• _Your task_
Filter the entries below, keeping only lines with the word "auto".

• _Provided material_
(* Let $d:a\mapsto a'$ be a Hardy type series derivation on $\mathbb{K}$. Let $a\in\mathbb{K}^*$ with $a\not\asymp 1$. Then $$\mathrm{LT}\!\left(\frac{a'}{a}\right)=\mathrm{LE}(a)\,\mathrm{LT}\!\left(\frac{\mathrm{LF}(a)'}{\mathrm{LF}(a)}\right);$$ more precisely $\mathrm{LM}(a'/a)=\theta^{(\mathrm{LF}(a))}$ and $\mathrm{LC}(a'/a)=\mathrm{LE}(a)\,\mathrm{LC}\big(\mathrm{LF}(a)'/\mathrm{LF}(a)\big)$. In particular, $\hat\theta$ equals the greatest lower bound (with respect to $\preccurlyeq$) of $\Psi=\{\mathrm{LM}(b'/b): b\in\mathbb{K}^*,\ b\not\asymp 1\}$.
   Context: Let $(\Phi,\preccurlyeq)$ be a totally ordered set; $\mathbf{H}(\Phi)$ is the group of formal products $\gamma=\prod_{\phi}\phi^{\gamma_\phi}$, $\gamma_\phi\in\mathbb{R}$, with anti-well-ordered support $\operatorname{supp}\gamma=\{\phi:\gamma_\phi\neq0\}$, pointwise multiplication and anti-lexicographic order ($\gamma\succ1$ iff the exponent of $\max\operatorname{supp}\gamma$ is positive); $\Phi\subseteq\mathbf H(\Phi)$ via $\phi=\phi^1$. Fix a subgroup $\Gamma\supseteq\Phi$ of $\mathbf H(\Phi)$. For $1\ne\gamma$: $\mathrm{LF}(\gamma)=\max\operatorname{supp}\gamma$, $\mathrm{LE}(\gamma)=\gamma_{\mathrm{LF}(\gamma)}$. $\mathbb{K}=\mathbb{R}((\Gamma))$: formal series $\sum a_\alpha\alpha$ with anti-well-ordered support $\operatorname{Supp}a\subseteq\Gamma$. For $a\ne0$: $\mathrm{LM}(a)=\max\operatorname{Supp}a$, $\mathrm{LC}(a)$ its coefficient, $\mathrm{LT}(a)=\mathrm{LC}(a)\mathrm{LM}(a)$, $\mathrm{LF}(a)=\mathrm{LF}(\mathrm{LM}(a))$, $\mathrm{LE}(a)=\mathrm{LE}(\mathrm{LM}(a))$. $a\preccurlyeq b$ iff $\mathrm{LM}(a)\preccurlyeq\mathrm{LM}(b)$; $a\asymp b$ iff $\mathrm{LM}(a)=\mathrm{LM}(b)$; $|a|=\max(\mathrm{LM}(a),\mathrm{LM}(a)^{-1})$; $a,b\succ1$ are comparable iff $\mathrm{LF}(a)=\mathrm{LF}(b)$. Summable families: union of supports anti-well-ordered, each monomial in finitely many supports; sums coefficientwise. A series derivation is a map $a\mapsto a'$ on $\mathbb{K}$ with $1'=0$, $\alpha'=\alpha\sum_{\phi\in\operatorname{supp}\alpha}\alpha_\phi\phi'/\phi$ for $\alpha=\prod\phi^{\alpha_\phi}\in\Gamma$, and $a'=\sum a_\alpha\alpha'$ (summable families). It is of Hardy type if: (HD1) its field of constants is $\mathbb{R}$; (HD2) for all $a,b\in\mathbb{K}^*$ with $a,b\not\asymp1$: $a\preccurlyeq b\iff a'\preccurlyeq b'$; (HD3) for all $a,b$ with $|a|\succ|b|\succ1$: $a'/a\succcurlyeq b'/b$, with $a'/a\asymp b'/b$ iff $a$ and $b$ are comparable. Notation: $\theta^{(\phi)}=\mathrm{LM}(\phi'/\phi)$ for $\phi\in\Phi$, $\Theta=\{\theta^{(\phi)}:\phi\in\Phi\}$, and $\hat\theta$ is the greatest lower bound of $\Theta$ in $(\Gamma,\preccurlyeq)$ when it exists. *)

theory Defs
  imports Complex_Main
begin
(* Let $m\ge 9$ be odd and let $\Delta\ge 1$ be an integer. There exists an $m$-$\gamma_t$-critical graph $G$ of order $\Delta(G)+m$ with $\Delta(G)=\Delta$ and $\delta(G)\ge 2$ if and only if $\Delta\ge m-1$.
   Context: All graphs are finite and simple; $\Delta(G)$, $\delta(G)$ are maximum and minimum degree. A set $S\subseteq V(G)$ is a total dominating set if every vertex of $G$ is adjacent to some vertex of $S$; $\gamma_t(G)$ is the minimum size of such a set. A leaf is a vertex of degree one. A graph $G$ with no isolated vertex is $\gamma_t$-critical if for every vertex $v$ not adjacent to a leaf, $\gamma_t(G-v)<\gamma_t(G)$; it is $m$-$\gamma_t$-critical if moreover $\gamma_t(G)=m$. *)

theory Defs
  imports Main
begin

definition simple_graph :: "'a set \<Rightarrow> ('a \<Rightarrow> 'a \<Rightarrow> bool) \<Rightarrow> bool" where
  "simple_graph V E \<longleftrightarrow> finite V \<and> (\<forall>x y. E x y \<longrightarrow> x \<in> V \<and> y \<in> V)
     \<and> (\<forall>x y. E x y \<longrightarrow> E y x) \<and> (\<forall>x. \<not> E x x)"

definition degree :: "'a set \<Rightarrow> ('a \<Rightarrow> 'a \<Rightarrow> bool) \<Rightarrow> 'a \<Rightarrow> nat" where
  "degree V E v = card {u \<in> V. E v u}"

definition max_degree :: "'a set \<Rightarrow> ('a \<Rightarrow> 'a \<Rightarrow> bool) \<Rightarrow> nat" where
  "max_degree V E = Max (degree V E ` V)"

---

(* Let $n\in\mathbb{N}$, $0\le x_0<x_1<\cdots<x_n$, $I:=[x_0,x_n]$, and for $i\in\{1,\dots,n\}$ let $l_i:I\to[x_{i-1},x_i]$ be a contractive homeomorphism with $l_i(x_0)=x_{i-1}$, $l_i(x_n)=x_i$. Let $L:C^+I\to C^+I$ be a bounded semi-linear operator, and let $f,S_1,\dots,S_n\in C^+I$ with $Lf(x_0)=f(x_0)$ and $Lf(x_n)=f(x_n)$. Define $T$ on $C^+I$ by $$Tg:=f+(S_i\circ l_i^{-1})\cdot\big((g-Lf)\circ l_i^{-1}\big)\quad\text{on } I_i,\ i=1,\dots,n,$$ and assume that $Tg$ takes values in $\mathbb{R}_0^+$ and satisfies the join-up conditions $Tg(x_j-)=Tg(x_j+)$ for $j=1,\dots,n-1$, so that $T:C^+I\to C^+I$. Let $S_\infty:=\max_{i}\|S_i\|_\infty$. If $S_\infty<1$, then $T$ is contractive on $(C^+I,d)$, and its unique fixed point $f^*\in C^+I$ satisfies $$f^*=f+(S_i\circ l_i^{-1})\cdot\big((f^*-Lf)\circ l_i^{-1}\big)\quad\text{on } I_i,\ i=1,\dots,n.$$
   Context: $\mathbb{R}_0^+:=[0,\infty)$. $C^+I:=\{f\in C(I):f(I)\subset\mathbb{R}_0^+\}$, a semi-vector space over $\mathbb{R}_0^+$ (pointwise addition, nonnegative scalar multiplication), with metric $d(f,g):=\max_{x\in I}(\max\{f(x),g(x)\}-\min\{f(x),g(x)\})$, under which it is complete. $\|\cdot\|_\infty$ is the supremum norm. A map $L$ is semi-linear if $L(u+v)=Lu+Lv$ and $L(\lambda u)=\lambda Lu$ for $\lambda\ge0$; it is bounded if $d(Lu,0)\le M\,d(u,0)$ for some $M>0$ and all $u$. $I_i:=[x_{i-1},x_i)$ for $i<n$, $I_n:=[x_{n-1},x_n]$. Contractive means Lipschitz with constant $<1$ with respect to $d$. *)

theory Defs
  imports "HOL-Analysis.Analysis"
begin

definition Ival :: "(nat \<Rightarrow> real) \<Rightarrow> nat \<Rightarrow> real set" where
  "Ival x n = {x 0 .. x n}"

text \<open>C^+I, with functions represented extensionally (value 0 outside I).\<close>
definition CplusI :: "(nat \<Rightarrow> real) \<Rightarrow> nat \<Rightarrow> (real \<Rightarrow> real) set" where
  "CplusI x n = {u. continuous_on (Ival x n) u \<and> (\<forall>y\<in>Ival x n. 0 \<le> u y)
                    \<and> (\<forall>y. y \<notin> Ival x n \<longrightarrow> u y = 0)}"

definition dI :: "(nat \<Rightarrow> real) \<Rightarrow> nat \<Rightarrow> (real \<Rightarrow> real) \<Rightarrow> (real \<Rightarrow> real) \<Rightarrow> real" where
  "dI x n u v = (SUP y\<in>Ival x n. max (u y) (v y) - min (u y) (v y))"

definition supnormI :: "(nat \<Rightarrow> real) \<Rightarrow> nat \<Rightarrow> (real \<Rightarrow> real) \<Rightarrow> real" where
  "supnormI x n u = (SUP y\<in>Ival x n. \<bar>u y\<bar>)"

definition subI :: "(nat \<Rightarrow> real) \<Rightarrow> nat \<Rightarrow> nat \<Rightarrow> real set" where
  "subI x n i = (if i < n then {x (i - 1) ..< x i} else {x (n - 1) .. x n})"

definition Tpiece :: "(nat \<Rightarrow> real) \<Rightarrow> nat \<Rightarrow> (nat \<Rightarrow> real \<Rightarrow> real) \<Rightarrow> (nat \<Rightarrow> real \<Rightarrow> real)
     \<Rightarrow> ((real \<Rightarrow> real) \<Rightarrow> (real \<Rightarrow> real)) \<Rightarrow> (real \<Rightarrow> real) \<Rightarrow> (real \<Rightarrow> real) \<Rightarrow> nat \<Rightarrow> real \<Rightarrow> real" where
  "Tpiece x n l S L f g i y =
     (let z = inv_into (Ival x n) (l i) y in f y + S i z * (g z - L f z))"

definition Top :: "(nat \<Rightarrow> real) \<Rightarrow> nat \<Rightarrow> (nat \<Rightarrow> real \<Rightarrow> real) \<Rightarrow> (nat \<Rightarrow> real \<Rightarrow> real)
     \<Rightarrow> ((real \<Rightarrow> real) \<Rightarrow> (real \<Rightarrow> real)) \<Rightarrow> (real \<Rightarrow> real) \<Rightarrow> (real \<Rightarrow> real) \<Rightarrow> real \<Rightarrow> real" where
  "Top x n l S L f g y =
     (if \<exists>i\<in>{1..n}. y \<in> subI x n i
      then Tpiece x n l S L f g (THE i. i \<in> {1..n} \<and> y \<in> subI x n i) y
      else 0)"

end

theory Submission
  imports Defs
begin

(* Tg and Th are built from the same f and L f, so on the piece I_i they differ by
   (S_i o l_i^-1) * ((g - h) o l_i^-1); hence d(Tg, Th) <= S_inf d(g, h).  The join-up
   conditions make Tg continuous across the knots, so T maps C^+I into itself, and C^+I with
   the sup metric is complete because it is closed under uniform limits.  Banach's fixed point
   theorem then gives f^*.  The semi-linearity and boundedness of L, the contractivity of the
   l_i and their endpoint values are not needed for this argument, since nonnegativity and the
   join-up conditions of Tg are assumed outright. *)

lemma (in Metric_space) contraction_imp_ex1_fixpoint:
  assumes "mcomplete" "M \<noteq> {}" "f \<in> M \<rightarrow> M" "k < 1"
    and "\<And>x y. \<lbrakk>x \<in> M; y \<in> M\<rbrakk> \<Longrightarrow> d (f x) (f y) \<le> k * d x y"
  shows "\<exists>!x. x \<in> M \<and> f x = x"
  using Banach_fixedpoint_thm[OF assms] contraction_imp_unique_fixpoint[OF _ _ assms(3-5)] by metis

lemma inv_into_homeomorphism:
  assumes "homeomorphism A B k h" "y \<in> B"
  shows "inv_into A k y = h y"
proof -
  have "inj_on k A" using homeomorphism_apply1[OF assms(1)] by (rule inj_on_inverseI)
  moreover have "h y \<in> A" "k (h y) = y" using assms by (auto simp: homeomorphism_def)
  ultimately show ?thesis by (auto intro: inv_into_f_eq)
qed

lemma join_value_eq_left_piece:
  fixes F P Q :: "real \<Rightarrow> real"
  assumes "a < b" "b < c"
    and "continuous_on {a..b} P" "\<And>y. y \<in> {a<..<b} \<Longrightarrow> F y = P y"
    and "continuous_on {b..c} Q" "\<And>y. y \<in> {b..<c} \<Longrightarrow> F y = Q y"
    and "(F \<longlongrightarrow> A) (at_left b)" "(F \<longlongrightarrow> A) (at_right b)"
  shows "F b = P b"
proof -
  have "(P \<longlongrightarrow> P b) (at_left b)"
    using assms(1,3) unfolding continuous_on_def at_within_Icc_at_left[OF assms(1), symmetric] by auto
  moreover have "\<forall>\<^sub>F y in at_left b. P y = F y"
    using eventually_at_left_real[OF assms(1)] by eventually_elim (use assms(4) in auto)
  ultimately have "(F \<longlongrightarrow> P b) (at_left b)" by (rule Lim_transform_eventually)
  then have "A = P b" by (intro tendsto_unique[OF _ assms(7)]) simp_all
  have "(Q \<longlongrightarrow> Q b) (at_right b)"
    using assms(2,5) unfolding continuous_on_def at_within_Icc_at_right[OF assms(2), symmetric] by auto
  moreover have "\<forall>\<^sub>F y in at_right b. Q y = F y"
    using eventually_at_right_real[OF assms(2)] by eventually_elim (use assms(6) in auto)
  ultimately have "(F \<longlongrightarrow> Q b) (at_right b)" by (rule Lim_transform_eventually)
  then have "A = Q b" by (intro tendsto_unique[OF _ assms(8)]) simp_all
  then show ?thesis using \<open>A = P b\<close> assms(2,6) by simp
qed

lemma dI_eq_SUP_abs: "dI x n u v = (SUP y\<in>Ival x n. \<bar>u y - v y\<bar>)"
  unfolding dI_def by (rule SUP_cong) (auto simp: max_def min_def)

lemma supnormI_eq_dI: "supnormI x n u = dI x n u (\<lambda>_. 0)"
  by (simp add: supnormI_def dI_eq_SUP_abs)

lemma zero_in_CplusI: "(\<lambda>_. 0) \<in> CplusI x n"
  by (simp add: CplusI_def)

• _Reply_
  moreover have "h y \<in> A" "k (h y) = y" using assms by (auto simp: homeomorphism_def)
  ultimately show ?thesis by (auto intro: inv_into_f_eq)
    using assms(1,3) unfolding continuous_on_def at_within_Icc_at_left[OF assms(1), symmetric] by auto
    using eventually_at_left_real[OF assms(1)] by eventually_elim (use assms(4) in auto)
    using assms(2,5) unfolding continuous_on_def at_within_Icc_at_right[OF assms(2), symmetric] by auto
    using eventually_at_right_real[OF assms(2)] by eventually_elim (use assms(6) in auto)
  unfolding dI_def by (rule SUP_cong) (auto simp: max_def min_def)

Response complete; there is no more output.